#### Excerpted data

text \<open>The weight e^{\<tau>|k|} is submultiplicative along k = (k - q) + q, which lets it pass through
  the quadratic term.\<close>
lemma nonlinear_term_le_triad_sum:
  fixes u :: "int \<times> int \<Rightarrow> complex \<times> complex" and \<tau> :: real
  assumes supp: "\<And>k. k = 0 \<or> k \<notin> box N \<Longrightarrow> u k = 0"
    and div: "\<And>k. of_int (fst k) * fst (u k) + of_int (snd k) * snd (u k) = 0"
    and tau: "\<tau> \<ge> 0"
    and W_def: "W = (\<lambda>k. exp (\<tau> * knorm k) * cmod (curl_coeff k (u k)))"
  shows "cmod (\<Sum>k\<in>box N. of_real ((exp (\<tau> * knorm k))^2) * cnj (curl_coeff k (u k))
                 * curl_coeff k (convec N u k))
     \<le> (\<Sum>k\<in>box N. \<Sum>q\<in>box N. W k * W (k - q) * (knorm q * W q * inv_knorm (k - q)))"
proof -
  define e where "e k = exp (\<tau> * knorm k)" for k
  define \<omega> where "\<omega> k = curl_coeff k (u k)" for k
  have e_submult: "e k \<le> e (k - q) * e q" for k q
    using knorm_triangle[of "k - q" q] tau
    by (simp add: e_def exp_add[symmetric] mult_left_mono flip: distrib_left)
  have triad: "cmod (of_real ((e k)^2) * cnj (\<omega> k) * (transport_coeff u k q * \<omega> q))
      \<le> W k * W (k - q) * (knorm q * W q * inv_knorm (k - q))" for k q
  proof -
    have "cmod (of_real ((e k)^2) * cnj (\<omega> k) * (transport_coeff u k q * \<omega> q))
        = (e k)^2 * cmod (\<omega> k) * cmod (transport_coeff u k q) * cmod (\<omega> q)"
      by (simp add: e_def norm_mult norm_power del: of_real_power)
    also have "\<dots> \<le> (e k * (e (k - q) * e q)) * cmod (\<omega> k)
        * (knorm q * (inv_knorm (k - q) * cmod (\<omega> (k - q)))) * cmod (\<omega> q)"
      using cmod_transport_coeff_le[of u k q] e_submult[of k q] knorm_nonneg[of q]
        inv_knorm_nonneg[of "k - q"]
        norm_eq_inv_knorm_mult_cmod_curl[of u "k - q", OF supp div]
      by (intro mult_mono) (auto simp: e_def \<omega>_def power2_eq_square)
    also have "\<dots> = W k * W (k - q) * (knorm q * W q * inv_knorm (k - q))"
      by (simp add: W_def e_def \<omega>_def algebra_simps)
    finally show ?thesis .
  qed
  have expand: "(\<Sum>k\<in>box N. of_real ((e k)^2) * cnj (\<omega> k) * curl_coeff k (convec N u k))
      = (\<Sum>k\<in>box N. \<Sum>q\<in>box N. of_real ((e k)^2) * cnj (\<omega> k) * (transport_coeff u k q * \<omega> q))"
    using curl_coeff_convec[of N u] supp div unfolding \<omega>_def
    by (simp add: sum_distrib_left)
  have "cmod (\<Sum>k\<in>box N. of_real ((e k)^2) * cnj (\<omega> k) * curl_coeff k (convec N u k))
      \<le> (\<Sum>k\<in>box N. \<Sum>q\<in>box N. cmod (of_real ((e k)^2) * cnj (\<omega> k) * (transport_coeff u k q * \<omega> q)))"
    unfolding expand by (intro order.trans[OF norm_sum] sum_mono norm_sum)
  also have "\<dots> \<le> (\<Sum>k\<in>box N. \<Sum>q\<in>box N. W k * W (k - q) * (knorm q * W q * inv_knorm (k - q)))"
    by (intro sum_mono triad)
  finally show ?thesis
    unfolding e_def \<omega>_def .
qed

########

- Task brief -
State how many lines of the records contain the word "simp". Give that number alone.

- Exercise output -
5